Vanaf 1887 wordt de Nederlandse paardenfokkerij door verschillende destijds opgerichte stamboeken geleid. Deze hebben zich later in grotere organisaties verenigd. In dit kader werd in 1939 de V.L.N. (Vereniging tot bevordering van de Landbouwtuigpaardfokkerij in Nederland) opgericht die twee stamboeken ging beheren:
a) Stamboek Gronings type
b) Stamboek Gelders type
Deze twee fokrichtingen waren op dat moment heel verschillend.
Na de tweede wereldoorlog streefden beide stamboeken een omvorming na met als doel: het fokken van een paard dat aangepast was aan het veranderde gebruik ervan. Vóór alles diende de geschiktheid voor het gebruik in de landbouw behouden te blijven, maar daarnaast diende het ook geschikt te zijn voor de sport.

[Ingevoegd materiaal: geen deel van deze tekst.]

(* For k <= 6 this is (-1)^k times the k-th derivative of 1 / ln x. *)
definition inv_ln_deriv :: "nat \<Rightarrow> real \<Rightarrow> real" where
  "inv_ln_deriv k x = Pkk_ext k (ln x) / (x ^ k * ln x ^ (k + 1))"

lemma Pkk_ext_pos: "k \<le> 6 \<Longrightarrow> t > 0 \<Longrightarrow> Pkk_ext k t > 0"
proof -
  assume "k \<le> 6" "t > 0"
  then have "k \<in> {0..6}" by simp
  then show ?thesis using \<open>t > 0\<close>
    by (auto simp: Pkk_ext_def Pkk_def add_pos_pos)
qed

lemma inv_ln_deriv_pos: "k \<le> 6 \<Longrightarrow> x > 1 \<Longrightarrow> inv_ln_deriv k x > 0"
  unfolding inv_ln_deriv_def using Pkk_ext_pos[of k "ln x"] by simp

lemma has_real_derivative_inv_ln_deriv:
  assumes "k < 6" "x > 1"
  shows "(inv_ln_deriv k has_real_derivative - inv_ln_deriv (Suc k) x) (at x)"
proof -
  have "x > 0" "ln x > 0" using assms(2) by auto
  moreover have "k = 0 \<or> k = 1 \<or> k = 2 \<or> k = 3 \<or> k = 4 \<or> k = 5" using assms(1) by auto
  ultimately show ?thesis
    unfolding inv_ln_deriv_def Pkk_ext_def Pkk_def
    by (elim disjE) (auto intro!: derivative_eq_intros simp: field_simps eval_nat_numeral)
qed

lemma gN_eq_leibniz_log:
  assumes "k \<le> 6" "x > 1"
  shows "gN k N x = leibniz_log inv_ln_deriv 1 (ln N) k x"
proof -
  have "fN N = (\<lambda>y. (ln N + ln (y - 1)) * inv_ln_deriv 0 y)"
    by (simp add: fun_eq_iff fN_def inv_ln_deriv_def Pkk_ext_def)
  then show ?thesis
    using higher_deriv_leibniz_log[where n = 6 and h = inv_ln_deriv and a = 1,
        OF has_real_derivative_inv_ln_deriv assms]
    by (simp add: gN_def)
qed

lemma gN_eq_defect:
  assumes "1 \<le> k" "k \<le> 6" "x > 1"
  shows "gN k N x = ln N * inv_ln_deriv k x - log_defect inv_ln_deriv k x"
proof -
  have "leibniz_log inv_ln_deriv 0 0 k x = 0"
    using assms
    by (intro leibniz_log_vanishes[where n = 6 and h = inv_ln_deriv,
          OF has_real_derivative_inv_ln_deriv])
      (auto simp: inv_ln_deriv_def Pkk_ext_def)
  then show ?thesis
    using gN_eq_leibniz_log[OF assms(2,3)] leibniz_log_eq_defect by simp
qed

definition majorant_poly :: "nat \<Rightarrow> real \<Rightarrow> real" where
  "majorant_poly k t = Pkk_ext k t + (\<Sum>j=1..k. real (k choose j) * fact j * t ^ j * Pkk_ext (k - j) t)"

lemma defect_majorant_inv_ln_deriv:
  assumes "x > 1"
  shows "defect_majorant inv_ln_deriv k x = majorant_poly k (ln x) / (x ^ k * ln x ^ (k + 1))"
proof -
  have "real (k choose j) * fact j / x ^ j * inv_ln_deriv (k - j) x
      = real (k choose j) * fact j * ln x ^ j * Pkk_ext (k - j) (ln x) / (x ^ k * ln x ^ (k + 1))"
    if "j \<in> {1..k}" for j
  proof -
    have "x ^ k = x ^ j * x ^ (k - j)" "ln x ^ (k + 1) = ln x ^ j * ln x ^ (k - j + 1)"
      using that by (simp_all flip: power_add)
    then show ?thesis using assms by (simp add: inv_ln_deriv_def field_simps)
  qed
  then have "(\<Sum>j=1..k. real (k choose j) * fact j / x ^ j * inv_ln_deriv (k - j) x)
      = (\<Sum>j=1..k. real (k choose j) * fact j * ln x ^ j * Pkk_ext (k - j) (ln x))
        / (x ^ k * ln x ^ (k + 1))"
    by (simp add: sum_divide_distrib)
  then show ?thesis
    unfolding defect_majorant_def majorant_poly_def by (simp add: inv_ln_deriv_def add_divide_distrib)
qed

lemma sum_le_neg_ln_one_minus:
  fixes y :: real
  assumes "0 \<le> y" "y < 1"
  shows "(\<Sum>n<m. y ^ Suc n / real (Suc n)) \<le> - ln (1 - y)"
proof -
  have "(\<lambda>n. (-1) ^ n * (1 / real (n + 1)) * ((1 - y) - 1) ^ Suc n)
      = (\<lambda>n. - (y ^ Suc n / real (Suc n)))"
    by (simp add: fun_eq_iff field_simps flip: power_mult_distrib)
  then have "ln (1 - y) = (\<Sum>n. - (y ^ Suc n / real (Suc n)))"
    using ln_series[of "1 - y"] assms by simp
  moreover have summable_terms: "summable (\<lambda>n. y ^ Suc n / real (Suc n))"
  proof (rule summable_comparison_test')
    show "summable (\<lambda>n. y ^ Suc n)" using assms by (simp add: summable_geometric_iff)
    show "norm (y ^ Suc n / real (Suc n)) \<le> y ^ Suc n" for n
    proof -
      have "y ^ Suc n / real (Suc n) \<le> y ^ Suc n / 1"
        using assms by (intro divide_left_mono) auto
      then show ?thesis using assms by simp
    qed
  qed
  ultimately have "- ln (1 - y) = (\<Sum>n. y ^ Suc n / real (Suc n))"
    by (simp add: suminf_minus)
  moreover have "(\<Sum>n<m. y ^ Suc n / real (Suc n)) \<le> (\<Sum>n. y ^ Suc n / real (Suc n))"
    using summable_terms assms by (intro sum_le_suminf) auto
  ultimately show ?thesis by simp
qed

(* Six digits are needed: tau 2 = 1.17372 is only valid for ln x >= 11.5128, just below
   5 ln 10 = 11.51293. *)
lemma ln_10_ge: "2.302584 \<le> ln (10::real)"
proof -
  have "ln (10::real) = ln ((10/9) * (9/8) ^ 4 * (4/3) ^ 6)" by (simp add: power_divide)
  also have "\<dots> = ln (10/9) + ln ((9/8) ^ 4) + ln ((4/3) ^ 6)"
    by (subst ln_mult_pos, simp, simp)+ simp
  also have "\<dots> = ln (10/9) + 4 * ln (9/8) + 6 * ln (4/3)"
    by (simp add: ln_realpow)
  also have "\<dots> = - ln (1 - 1/10) - 4 * ln (1 - 1/9) - 6 * ln (1 - 1/4)"
    by (simp add: ln_div)
  finally have "ln (10::real) = - ln (1 - 1/10) - 4 * ln (1 - 1/9) - 6 * ln (1 - 1/4)" .
  moreover have "(\<Sum>n<6. (1/10::real) ^ Suc n / real (Suc n)) \<le> - ln (1 - 1/10)"
    "(\<Sum>n<7. (1/9::real) ^ Suc n / real (Suc n)) \<le> - ln (1 - 1/9)"
    "(\<Sum>n<14. (1/4::real) ^ Suc n / real (Suc n)) \<le> - ln (1 - 1/4)"
    by (rule sum_le_neg_ln_one_minus; simp)+
  ultimately show ?thesis by (simp add: lessThan_nat_numeral power_divide)
qed

lemma ln_10_le: "ln (10::real) \<le> 2.3334"
proof -
  have "ln (10::real) = ln (5/4) + ln (2 ^ 3)"
    using ln_mult_pos[of "5/4" "2 ^ 3"] by simp
  also have "\<dots> = ln (5/4) + 3 * ln 2"
    using ln_realpow[of 2 3] by simp
  finally have "ln (10::real) = ln (5/4) + 3 * ln 2" .
  moreover have "ln (5/4::real) \<le> 5/4 - 1" by (rule ln_le_minus_one) auto
  ultimately have "ln (10::real) \<le> 23334 / 10000" using ln2_le_25_over_36 by linarith
  then show ?thesis by simp
qed

lemma ln_ge_of_power_10_le:
  fixes x :: real
  assumes "10 ^ n \<le> x"
  shows "2.302584 * n \<le> ln x"
proof -
  have "0 < x" using assms by (rule less_le_trans[rotated]) simp
  then have "ln ((10::real) ^ n) \<le> ln x" using assms by (subst ln_le_cancel_iff) auto
  then have "real n * ln 10 \<le> ln x" by (simp add: ln_realpow)
  moreover have "2.302584 * real n \<le> real n * ln 10"
    using ln_10_ge mult_left_mono[of "2.302584" "ln 10" "real n"] by (simp add: mult.commute)
  ultimately show ?thesis by linarith
qed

De eigenschappen, nodig voor het rijpaard, vragen de laatste jaren nog meer de aandacht. In de reglementen voor de fokkerij blijft gehandhaafd dat de vanouds ingefokte eigenschappen van het Nederlandse warmbloedpaard, zoals makheid, soberheid en jarenlange bruikbaarheid, behouden moeten blijven. Verwacht wordt dat op deze wijze op de toekomstige vraag naar rijpaarden, die voor elke ruiter geschikt zijn, ingespeeld kan worden.